Tam tersi sürekli Türkiye karşıtı siyaset izlemiştir.

Türklerin Filistin’e bu kadar destek çıkmasına rağmen.

Sürekli Türk düşmanlığı izleyen bir çizgisi lmuştur.

Filistin dediğimiz ülkenin önce bayrağına bakalım,

Bayrağındaki üç dikey şerit;

Abbasi, Emevi ve Fatimi hilafetlerini simgeler…

Kırmızı üçgen ise Arapların Türklere karşı gerçekleştirdiği isyanın ve akıtılan kanların sembolüdür.

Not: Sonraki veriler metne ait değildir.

lemma bracket_lcs_lcs_eq_zero:
  fixes B :: "'n::finite lie_bracket"
  assumes fil: "filiform B" and adapted: "adapted_basis B e"
    and triple: "has_triple B e (CARD('n) - 2) (CARD('n) - 2)"
    and kl: "2 \<le> k" "2 \<le> l" "\<not> ((k = 2 \<and> l \<le> 3) \<or> (k = 3 \<and> l = 2))"
  shows "lie_bracket_sub B (lcs B k) (lcs B l) = {0}"
proof -
  let ?T = "{B (e i) (e j) | i j. i \<in> {2..CARD('n)+1-k} \<and> j \<in> {2..CARD('n)+1-l}}"
  have "B (e i) (e j) = 0" if "i \<in> {2..CARD('n)+1-k}" "j \<in> {2..CARD('n)+1-l}" for i j
  proof -
    have ij: "2 \<le> i" "2 \<le> j" "i < CARD('n)" "j < CARD('n)"
      using that kl by auto
    have "(i, j) \<notin> {(CARD('n) - 2, CARD('n) - 1), (CARD('n) - 1, CARD('n) - 2)}"
      using that kl has_triple_bounds[OF triple] by auto
    then show ?thesis
      by (rule bracket_vanishes_off_top_pair[OF filiform_lie_algebra[OF fil] adapted triple ij])
  qed
  then have "?T \<subseteq> {0}"
    by blast
  then have "vec.span ?T = {0}"
    using vec.span_mono[of ?T "{0}"] by (auto simp: vec.span_zero)
  then show ?thesis
    unfolding filiform_bracket_lcs_lcs_eq_span[OF fil adapted kl(1,2)] .
qed

lemma filiform_dim_bracket_lcs_lcs:
  fixes B :: "'n::finite lie_bracket"
  assumes fil: "filiform B" and adapted: "adapted_basis B e"
    and triple: "has_triple B e (CARD('n) - 2) (CARD('n) - 2)"
    and kl: "2 \<le> k" "2 \<le> l"
  shows "vec.dim (lie_bracket_sub B (lcs B k) (lcs B l)) =
    (if (k = 2 \<and> l \<le> 3) \<or> (k = 3 \<and> l = 2) then 1 else 0)"
proof (cases "(k = 2 \<and> l \<le> 3) \<or> (k = 3 \<and> l = 2)")
  case True
  have "CARD('n) - 2 + 1 = CARD('n) - 1"
    using has_triple_bounds[OF triple] by linarith
  then have "B (e (CARD('n) - 2)) (e (CARD('n) - 1)) \<noteq> 0"
    using has_triple_bracket_nonzero[OF triple] by metis
  then show ?thesis
    using bracket_lcs_lcs_eq_span_top_pair[OF fil adapted triple] True kl
    by (simp add: vec.dim_span_eq_card_independent vec.independent_insert)
next
  case False
  then show ?thesis
    using bracket_lcs_lcs_eq_zero[OF fil adapted triple kl False] by (simp add: vec.dim_eq_0)
qed

lemma sum_square_split_first:
  fixes F :: "nat \<Rightarrow> nat \<Rightarrow> 'a::comm_monoid_add"
  assumes "1 \<le> N"
  shows "(\<Sum>k=1..N. \<Sum>l=1..N. F k l) =
    F 1 1 + (\<Sum>l=2..N. F 1 l) + (\<Sum>k=2..N. F k 1) + (\<Sum>k=2..N. \<Sum>l=2..N. F k l)"
proof -
  have split: "(\<Sum>i=1..N. g i) = g 1 + (\<Sum>i=2..N. g i)" for g :: "nat \<Rightarrow> 'a"
    using sum.atLeast_Suc_atMost[OF assms, of g] by (simp add: numeral_2_eq_2)
  show ?thesis
    unfolding split sum.distrib by (simp only: ac_simps)
qed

Adamlar açık açık Türk düşmanı…

Koşa koşa sözde Ermeni soykırımını tanıdı…

Türkiye'nin terör tehdidini ortadan kaldırmak için,

Suriye'nin kuzeyine başlattığı operasyonu kınadı…

Libya ile yaptığımız anlaşmaya karşı çıktığı gibi bir de diğer cephede yer aldı.

Birleşmiş Milletler de tek bir kez lehimize oy kullanmadı.

Ortaklık teklif etmemize karşın,

Doğu Akdeniz doğalgazları için,

"Kıbrıs Rum Kesimi ve Yunanistan ile anlaşma imzaladı"

İşte öve öve bitiremediğimiz Filistin bu kadar Türkiye karşıtı politika belirleyen Türk düşmanı.

Hani bir söz vardır ayıdan post Araptan dost olmaz diye.

Kim demişse vallahi doğru demiş tallahi doğru demiş.